Avrupa’dan ya da dünyanın diğer bir yerinden alınıp çabucak uygulamaya konulacak ve CHP’yi çarçabuk iktidara taşıyacak bir toplumsal demokrasi modeli, programı, tecrübesi yok. Zira Türkiye’nin siyasi, toplumsal, ekonomik ve kültürel dokuları ve şartları Avrupa’dan da solun kıymetli bir siyasi geçmişe ve güce sahip olduğu Latin Amerika’dan da epeyce farklı.

Gelişmiş Avrupa ülkeleri bilgi toplumu hatta bilgi toplumunun ileri etaplarına geçerken Türkiye kırsal toplum özelliklerini sürdüren ve şimdi tam manasıyla sanayi toplumu olmayı başaramamış bir ülke. İki kıymetli fark daha var. Birincisi, Türkiye’nin en temel sorunu kuşkusuz rejimin otoriterleşmesi. CHP için demokrasi sıkıntısının ve uğraşının öncelliği. İkincisi, Türkiye’de siyasi iktidar Cumhuriyetin bilim, laiklik, akılcı fikir, bayan erkek eşitliği üzere temel kazanımlarını ortadan kaldırmaya çalışıyor. CHP buna da karşı çıkıyor.
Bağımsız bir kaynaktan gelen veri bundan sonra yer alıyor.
text \<open>tau_K(M,L): degree over K of the intersection of all subfields of M that are
  K-isomorphic to L, or 0 if there are none.\<close>
definition tau_index :: "complex set \<Rightarrow> complex set \<Rightarrow> complex set \<Rightarrow> nat" where
  "tau_index K M L =
     (let S = {L'. L' \<subseteq> M \<and> K_isomorphic K L L'} in
      if S = {} then 0 else ext_degree K (\<Inter> S))"

end

theory Submission
  imports Defs
begin

(* If tau_K(M,L) = 2, the intersection F of the K-conjugates of L inside M is a quadratic
   extension of K lying in one conjugate sigma(L); pulling F back along sigma gives a quadratic
   subextension of L. A quadratic extension is normal, since the conjugates of x outside K are
   the roots x and p - x of x^2 = p x + q. Hence t_K(L) >= 2.
   Since fields are subsets of C rather than types, the library's linear algebra does not
   apply; the Steinitz exchange lemma is proved directly, making degrees well defined and
   bounded by [L:K]. *)

lemma subfield_0: "is_subfield S \<Longrightarrow> 0 \<in> S"
  and subfield_1: "is_subfield S \<Longrightarrow> 1 \<in> S"
  and subfield_add: "is_subfield S \<Longrightarrow> x \<in> S \<Longrightarrow> y \<in> S \<Longrightarrow> x + y \<in> S"
  and subfield_mult: "is_subfield S \<Longrightarrow> x \<in> S \<Longrightarrow> y \<in> S \<Longrightarrow> x * y \<in> S"
  and subfield_uminus: "is_subfield S \<Longrightarrow> x \<in> S \<Longrightarrow> - x \<in> S"
  by (simp_all add: is_subfield_def)

lemma subfield_inverse: "is_subfield S \<Longrightarrow> x \<in> S \<Longrightarrow> inverse x \<in> S"
  by (cases "x = 0") (auto simp add: is_subfield_def)

lemma subfield_diff: "is_subfield S \<Longrightarrow> x \<in> S \<Longrightarrow> y \<in> S \<Longrightarrow> x - y \<in> S"
  by (metis diff_conv_add_uminus subfield_add subfield_uminus)

lemma subfield_divide: "is_subfield S \<Longrightarrow> x \<in> S \<Longrightarrow> y \<in> S \<Longrightarrow> x / y \<in> S"
  by (simp add: divide_inverse subfield_inverse subfield_mult)

lemma subfield_sum:
  assumes "is_subfield S" "\<And>a. a \<in> A \<Longrightarrow> f a \<in> S"
  shows "sum f A \<in> S"
  using assms(2)
  by (induction A rule: infinite_finite_induct) (auto simp: subfield_0 subfield_add assms(1))

lemma subfield_Inter: "S \<noteq> {} \<Longrightarrow> (\<And>X. X \<in> S \<Longrightarrow> is_subfield X) \<Longrightarrow> is_subfield (\<Inter>S)"
  unfolding is_subfield_def by blast

lemma span_over_empty: "span_over K {} = {0}"
  by (simp add: span_over_def)
(* Let $f:\Gamma\to\Gamma$ be an irreducible, expanding graph map with stacks $\mathcal{K}_1,\dots,\mathcal{K}_p$ and final edges $\alpha_1,\dots,\alpha_p$. If there is a directed path $P$ in the stack graph $\mathcal{SG}(f)$ from $\mathcal{K}_i$ to $\mathcal{K}_j$ with $s(P)=d$, then $f^d(\alpha_i)$ traverses $\alpha_j$.
   Context: A graph $\Gamma$ is a finite 1-dimensional CW complex with a chosen orientation on each edge; $\mathcal{E}\Gamma$ is its set of edges, $\bar e$ is the reverse of $e$, $\iota,\tau$ the endpoints. An edge path is a nonempty concatenation $u=e_1\cdots e_k$ of oriented edges with $\tau(e_i)=\iota(e_{i+1})$; $|u|=k$ (no cancellation); $u$ traverses $e$ if $e$ or $\bar e$ occurs in it. A graph map $f:\Gamma\to\Gamma$ assigns to vertices vertices and to each oriented edge $e$ an edge path $f(e)$ with $\iota(f(e))=f(\iota(e))$, $f(\bar e)=\overline{f(e)}$; powers $f^d$ are compositions, applied to paths by concatenation without tightening. $T(f)$ has $(i,j)$ entry the number of times $f(e_i)$ traverses $e_j$; $f$ is irreducible if $T(f)$ is irreducible and every vertex has valence $\ge3$; expanding if $|f^n(e)|\to\infty$ for every edge. Stacks: $e$ is mixing if $|f(e)|>1$; surplus if non-mixing and $f(e)\in\{f(u),\overline{f(u)}\}$ for some edge $u\notin\{e,\bar e\}$. Stacks are the classes of the equivalence relation on $\mathcal{E}\Gamma$ (unoriented edges) generated by $e\sim f(e)$ for $e$ non-mixing and non-surplus. Each stack has the form $\mathcal{K}=\{e,f(e),\dots,f^s(e)\}$ with only $f^s(e)$ mixing or surplus; $f^s(e)$ is the final edge of $\mathcal{K}$. Let $\alpha_i$ be the final edge of $\mathcal{K}_i$. The stack graph $\mathcal{SG}(f)$ is the directed graph with vertex set $\{\mathcal{K}_1,\dots,\mathcal{K}_p\}$ and a directed edge $[\mathcal{K}_i,\mathcal{K}_j]$ whenever $f(\alpha_i)$ contains an edge of $\mathcal{K}_j$. The length of such an edge is $s([\mathcal{K}_i,\mathcal{K}_j])=\min\{s\ge1: f^s(\alpha_i)\text{ traverses }\alpha_j\}$. For a directed path $P=E_1\cdots E_k$ (traversing edges only in their positive direction), $s(P)=\sum_i s(E_i)$. *)

theory Defs
  imports Main
begin

text \<open>A graph: vertex set V, set E of (positively oriented) edges, endpoint maps src, tgt.
  An oriented edge is a pair (e, b): (e, True) is e, (e, False) is its reverse.\<close>

type_synonym 'e oedge = "'e \<times> bool"

fun oinit :: "('e \<Rightarrow> 'v) \<Rightarrow> ('e \<Rightarrow> 'v) \<Rightarrow> 'e oedge \<Rightarrow> 'v" where
  "oinit src tgt (e, b) = (if b then src e else tgt e)"
lemma germ_eq_refl: "germ_eq f f"
  by (simp add: germ_eq_def)

lemma germ_eq_sym: "germ_eq f g \<Longrightarrow> germ_eq g f"
  by (simp add: germ_eq_def eq_commute)

lemma germ_eq_trans: "germ_eq f g \<Longrightarrow> germ_eq g h \<Longrightarrow> germ_eq f h"
  unfolding germ_eq_def by (auto elim: eventually_elim2)

lemma germ_eq_add:
  "germ_eq f g \<Longrightarrow> germ_eq f' g' \<Longrightarrow> germ_eq (\<lambda>x. f x + f' x) (\<lambda>x. g x + g' x)"
  unfolding germ_eq_def by (auto elim: eventually_elim2)

lemma germ_eq_mult:
  "germ_eq f g \<Longrightarrow> germ_eq f' g' \<Longrightarrow> germ_eq (\<lambda>x. f x * f' x) (\<lambda>x. g x * g' x)"
  unfolding germ_eq_def by (auto elim: eventually_elim2)

lemma germ_eq_linear_comp:
  "germ_eq f g \<Longrightarrow> germ_eq (\<lambda>x. f ((A::complex^'n^'n) *v x)) (\<lambda>x. g (A *v x))"
  unfolding germ_eq_def by (rule eventually_nhds_0_bounded_linear) simp

lemma germ_eq_imp_eq_0: "germ_eq f g \<Longrightarrow> f 0 = g 0"
  unfolding germ_eq_def by (auto simp: eventually_nhds)

lemma holo_germ_cong:
  assumes "holo_germ f" and "germ_eq f g"
  shows "holo_germ g"
proof -
  have "eventually (\<lambda>y. eventually (\<lambda>z. f z = g z) (nhds y)) (nhds 0)"
    using assms(2) by (simp add: germ_eq_def eventually_eventually)
  with assms(1) show ?thesis unfolding holo_germ_iff_eventually
  proof (rule eventually_elim2)
    fix y assume "holo_at f y" and eq: "eventually (\<lambda>z. f z = g z) (nhds y)"
    then obtain L where L: "(f has_derivative L) (at y)" "\<forall>c v. L (c *s v) = c * L v"
      unfolding holo_at_def by blast
    have "(g has_derivative L) (at y)"
      by (rule has_derivative_transform_eventually[OF L(1)])
         (use eq in \<open>auto simp: eventually_at_filter eventually_nhds elim: eventually_mono\<close>)
    with L(2) show "holo_at g y" unfolding holo_at_def by blast
  qed
qed
(* Let $n\ge3$, $\Omega\subset\mathbb R^n$ a bounded convex domain, $M>0$ and $0\le\gamma<n-2$. Let $u\in C(\overline\Omega)$ be convex with $u=0$ on $\partial\Omega$ and $\det D^2u\le M\operatorname{dist}^\gamma(\cdot,\partial\Omega)$ in $\Omega$ in the sense of Aleksandrov. Then $$|u(x)|\le C(n,M,\gamma,\Omega)\operatorname{dist}^{\frac{2+\gamma}{n}}(x,\partial\Omega)\quad\text{for all }x\in\Omega.$$
   Context: For a convex function $u$ on $\Omega$, its Monge–Ampère measure is $Mu(E)=|\partial u(E)|$ for Borel $E\subset\Omega$, where $\partial u(x)=\{p: u(y)\ge u(x)+p\cdot(y-x)\ \forall y\in\Omega\}$. $\det D^2u\le g$ in the sense of Aleksandrov means $Mu\le g\,dx$ as Borel measures. *)

theory Defs
  imports "HOL-Analysis.Analysis"
begin

definition subdiff :: "('a::euclidean_space \<Rightarrow> real) \<Rightarrow> 'a set \<Rightarrow> 'a \<Rightarrow> 'a set" where
  "subdiff u \<Omega> x = {p. \<forall>y\<in>\<Omega>. u y \<ge> u x + p \<bullet> (y - x)}"

definition outer_lebesgue :: "'a::euclidean_space set \<Rightarrow> ennreal" where
  "outer_lebesgue S = (INF T \<in> {T \<in> sets lebesgue. S \<subseteq> T}. emeasure lebesgue T)"

definition monge_ampere :: "('a::euclidean_space \<Rightarrow> real) \<Rightarrow> 'a set \<Rightarrow> 'a set \<Rightarrow> ennreal" where
  "monge_ampere u \<Omega> E = outer_lebesgue (\<Union>x\<in>E. subdiff u \<Omega> x)"

definition aleksandrov_det_le :: "('a::euclidean_space \<Rightarrow> real) \<Rightarrow> 'a set \<Rightarrow> ('a \<Rightarrow> real) \<Rightarrow> bool" where
  "aleksandrov_det_le u \<Omega> g \<longleftrightarrow>
     (\<forall>E \<in> sets borel. E \<subseteq> \<Omega> \<longrightarrow>
        monge_ampere u \<Omega> E \<le> (\<integral>\<^sup>+ x \<in> E. ennreal (g x) \<partial>lebesgue))"

end

theory Submission
  imports Defs
begin

text \<open>
  Since \<open>u \<le> 0\<close>, fix \<open>x0\<close> of height \<open>h = - u x0 > 0\<close>, a nearest boundary point \<open>z\<close> and the
  inner unit normal \<open>\<nu>\<close> of a supporting hyperplane at \<open>z\<close>; then
  \<open>d = \<nu> \<bullet> (x0 - z) \<le> infdist x0 (frontier \<Omega>)\<close>. Each slope \<open>p = w - c \<nu>\<close> with
  \<open>norm w < h / (2 R)\<close> (\<open>R\<close> bounding the diameter) and \<open>h / (4 d) \<le> c \<le> h / (2 d)\<close> is the slope of an
  affine function that meets \<open>u\<close> at \<open>x0\<close> and stays strictly below \<open>u\<close> on the boundary, so \<open>u\<close>
  minus it is minimal at an interior point \<open>x1\<close>, where \<open>p\<close> is a subgradient and \<open>h / (4 d) * \<nu> \<bullet> (x1 - z) \<le> h / 2 - u x1\<close>. If already
  \<open>\<bar>u\<bar> \<le> A * (dist + \<delta>) powr a\<close>, where \<open>a = (2 + \<gamma>) / n < 1\<close>, this confines \<open>x1\<close> to a slab
  \<open>E = {\<nu> \<bullet> (y - z) < T}\<close> of controlled width \<open>T\<close>. Hence about \<open>R / d\<close> disjoint balls of
  slopes, of radius \<open>h / (2 R)\<close>, lie in the subgradient image of \<open>E\<close>, and the Aleksandrov bound
  \<open>M * T powr \<gamma> * |E|\<close> on its measure yields \<open>h ^ n \<le> K * d * T powr (1 + \<gamma>)\<close>. Solving for
  \<open>h\<close> improves the bound to \<open>max C1 (C2 * A powr \<theta>) * (dist + \<delta>) powr a\<close> with \<open>\<theta> < 1\<close>; for
  the best \<open>A\<close>, finite thanks to \<open>\<delta> > 0\<close>, this forces \<open>A \<le> C\<close> independently of \<open>\<delta>\<close>, and
  letting \<open>\<delta> \<rightarrow> 0\<close> concludes.
\<close>

section \<open>Convex functions and supporting hyperplanes\<close>

lemma convex_on_closure:
  fixes u :: "'a::euclidean_space \<Rightarrow> real"
  assumes cvx: "convex \<Omega>" and cu: "convex_on \<Omega> u" and cont: "continuous_on (closure \<Omega>) u"
  shows "convex_on (closure \<Omega>) u"
proof (rule convex_onI)
  show "convex (closure \<Omega>)" using cvx by (rule convex_closure)
  fix t :: real and x y assume t: "0 < t" "t < 1" and x: "x \<in> closure \<Omega>" and y: "y \<in> closure \<Omega>"
  obtain xs where xs: "\<And>n. xs n \<in> \<Omega>" "xs \<longlonglongrightarrow> x" using x closure_sequential by metis
  obtain ys where ys: "\<And>n. ys n \<in> \<Omega>" "ys \<longlonglongrightarrow> y" using y closure_sequential by metis
  have lim: "(\<lambda>n. u (f n)) \<longlonglongrightarrow> u l" if "\<And>n. f n \<in> \<Omega>" "f \<longlonglongrightarrow> l" "l \<in> closure \<Omega>" for f l
  proof -
    have "\<forall>n. f n \<in> closure \<Omega>" using that(1) closure_subset by blast
    then show ?thesis using cont that(2,3) unfolding continuous_on_sequentially comp_def by blast
  qed
  have "(\<lambda>n. u ((1 - t) *\<^sub>R xs n + t *\<^sub>R ys n)) \<longlonglongrightarrow> u ((1 - t) *\<^sub>R x + t *\<^sub>R y)"
    using t by (intro lim convexD[OF cvx] xs ys tendsto_intros convexD[OF convex_closure[OF cvx]] x y) auto
  moreover have "(\<lambda>n. (1 - t) * u (xs n) + t * u (ys n)) \<longlonglongrightarrow> (1 - t) * u x + t * u y"
    by (intro tendsto_intros lim xs ys x y)
  moreover have "u ((1 - t) *\<^sub>R xs n + t *\<^sub>R ys n) \<le> (1 - t) * u (xs n) + t * u (ys n)" for n
    using cu xs(1) ys(1) t unfolding convex_on_def by auto
  ultimately show "u ((1 - t) *\<^sub>R x + t *\<^sub>R y) \<le> (1 - t) * u x + t * u y"
    by (auto intro: LIMSEQ_le)
qed

lemma convex_on_nonpos_if_frontier_zero:
  fixes \<Omega> :: "'a::euclidean_space set" and u :: "'a \<Rightarrow> real"
  assumes "open \<Omega>" "convex \<Omega>" "bounded \<Omega>" "convex_on \<Omega> u" "continuous_on (closure \<Omega>) u"
    and zero: "\<forall>x\<in>frontier \<Omega>. u x = 0" and x: "x \<in> \<Omega>" and z: "z \<in> frontier \<Omega>"
  shows "u x \<le> 0"
proof -
  have cc: "convex_on (closure \<Omega>) u" using convex_on_closure assms(2,4,5) by blast
  have "x \<noteq> z" using assms(1) x z by (auto simp: frontier_def interior_open)
  moreover have "x \<in> rel_interior \<Omega>" "x + (x - z) \<in> affine hull \<Omega>"
    using assms(1) x affine_hull_open by (auto simp: rel_interior_open)
  ultimately obtain e where e: "0 < e" "x + e *\<^sub>R (x - z) \<in> rel_frontier \<Omega>"
    using ray_to_rel_frontier[OF assms(3)] by (metis right_minus_eq)
  define w where "w = x + e *\<^sub>R (x - z)"
  define t where "t = e / (1 + e)"
  have w: "w \<in> frontier \<Omega>"
    using e(2) assms(1) by (simp add: w_def rel_frontier_def frontier_def rel_interior_open interior_open)
  have "1 - t = 1 / (1 + e)" using e(1) by (simp add: t_def field_simps)
  moreover have "t = 1 / (1 + e) * e" by (simp add: t_def)
  ultimately have "(1 - t) *\<^sub>R w + t *\<^sub>R z = (1 / (1 + e)) *\<^sub>R (w + e *\<^sub>R z)"
    by (simp only: scaleR_scaleR[symmetric] scaleR_add_right)
  also have "w + e *\<^sub>R z = (1 + e) *\<^sub>R x" by (simp add: w_def algebra_simps)
  finally have "x = (1 - t) *\<^sub>R w + t *\<^sub>R z" using e(1) by simp
  moreover have "0 \<le> t" "t \<le> 1" using e(1) by (auto simp: t_def)
  moreover have "w \<in> closure \<Omega>" "z \<in> closure \<Omega>" using w z by (auto simp: frontier_def)
  ultimately have "u x \<le> (1 - t) * u w + t * u z"
    using convex_onD[OF cc] by simp
  then show ?thesis using zero w z by simp
qed

lemma supporting_unit_normal:
  fixes \<Omega> :: "'a::euclidean_space set"
  assumes "open \<Omega>" "convex \<Omega>" "z \<notin> \<Omega>"
  obtains \<nu> where "norm \<nu> = 1" "\<And>y. y \<in> \<Omega> \<Longrightarrow> 0 < \<nu> \<bullet> (y - z)"
proof -
  have "convex ((\<lambda>y. y - z) ` \<Omega>)" "0 \<notin> (\<lambda>y. y - z) ` \<Omega>"
    using assms(2,3) by (auto simp: convex_translation_subtract)
  then obtain a where a: "a \<noteq> 0" "\<And>y. y \<in> \<Omega> \<Longrightarrow> 0 \<le> a \<bullet> (y - z)"
    by (metis separating_hyperplane_set_0 image_eqI)
  define \<nu> where "\<nu> = a /\<^sub>R norm a"
  have \<nu>: "norm \<nu> = 1" using a(1) by (simp add: \<nu>_def)
  have ge: "0 \<le> \<nu> \<bullet> (y - z)" if "y \<in> \<Omega>" for y
    using a(2)[OF that] by (simp add: \<nu>_def)
  show ?thesis
  proof (rule that[OF \<nu>])
    fix y assume y: "y \<in> \<Omega>"
    \<comment> \<open>since \<open>\<Omega>\<close> is open, the non-strict inequality also holds slightly below \<open>y\<close>\<close>
    obtain e where e: "e > 0" "ball y e \<subseteq> \<Omega>" using assms(1) y open_contains_ball by blast
    have "y - (e / 2) *\<^sub>R \<nu> \<in> ball y e" using e \<nu> by (simp add: dist_norm)
    then have "y - (e / 2) *\<^sub>R \<nu> \<in> \<Omega>" using e by blast
    then have "0 \<le> \<nu> \<bullet> (y - (e / 2) *\<^sub>R \<nu> - z)" by (rule ge)
    also have "\<dots> = \<nu> \<bullet> (y - z) - e / 2"
      using \<nu> by (simp add: norm_eq_1 algebra_simps)
    finally show "0 < \<nu> \<bullet> (y - z)" using e by linarith
  qed
qed

lemma infdist_frontier_le_inner:
  fixes \<Omega> :: "'a::euclidean_space set"
  assumes "norm \<nu> = 1" "\<And>y. y \<in> \<Omega> \<Longrightarrow> 0 < \<nu> \<bullet> (y - z)" "y \<in> \<Omega>"
  shows "infdist y (frontier \<Omega>) \<le> \<nu> \<bullet> (y - z)"
proof -
  define w where "w = y - (\<nu> \<bullet> (y - z)) *\<^sub>R \<nu>"
  have "\<nu> \<bullet> (w - z) = 0"
    using assms(1) by (simp add: w_def algebra_simps dot_square_norm power2_eq_square)
  then have "w \<notin> \<Omega>" using assms(2) by force
  then have "closed_segment y w \<inter> frontier \<Omega> \<noteq> {}"
    by (intro connected_Int_frontier) (use assms(3) in auto)
  then obtain p where p: "p \<in> closed_segment y w" "p \<in> frontier \<Omega>" by blast
  have "dist y p \<le> dist y w" using dist_in_closed_segment[OF p(1)] by (simp add: dist_commute)
  also have "dist y w = \<nu> \<bullet> (y - z)"
    using assms(1) assms(2)[OF assms(3)] by (simp add: w_def dist_norm)
  finally show ?thesis by (rule infdist_le2[OF p(2)])
qed

section \<open>Lebesgue measure of translates, balls and slabs\<close>

lemma emeasure_le_outer_lebesgue:
  assumes "S \<in> sets lebesgue" "S \<subseteq> U"
  shows "emeasure lebesgue S \<le> outer_lebesgue U"
  unfolding outer_lebesgue_def by (rule INF_greatest, rule emeasure_mono) (use assms in auto)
Peki CHP’nin geleceği ile ilgili tartışmaları nasıl değerlendiriyorsunuz?

Son 30-40 yılda eşitsizlik global, ulusal, bölgesel ve lokal seviyelerde büyük artış gösterdi. Eşitsizlik salt ekonomik bir sorun değil. Bu nedenle CHP hem sınıfsal hem de kültürel nedenlerle dezavantajlı pozisyona itilen tüm mağdurlara seslenmek ve onların meselelerine tahlil üretme sorunu ile karşı karşıya. Bu kapsamda bilhassa çalışan fakirlere yönelik siyasetlere ağrılık vermesi gerekiyor. Başka yanda kültürel kimlik kaynaklı sıkıntılar var. Burada gerekli olan kültürel tanıma siyasetleriyle mağduriyetlerin giderilmesi ve eşit vatandaşlığın sağlanması. Bu tıp savlı amaçları gerçekleştirmek ise lakin devletin iktisada müdahalesi ile mümkün hale gelebilir.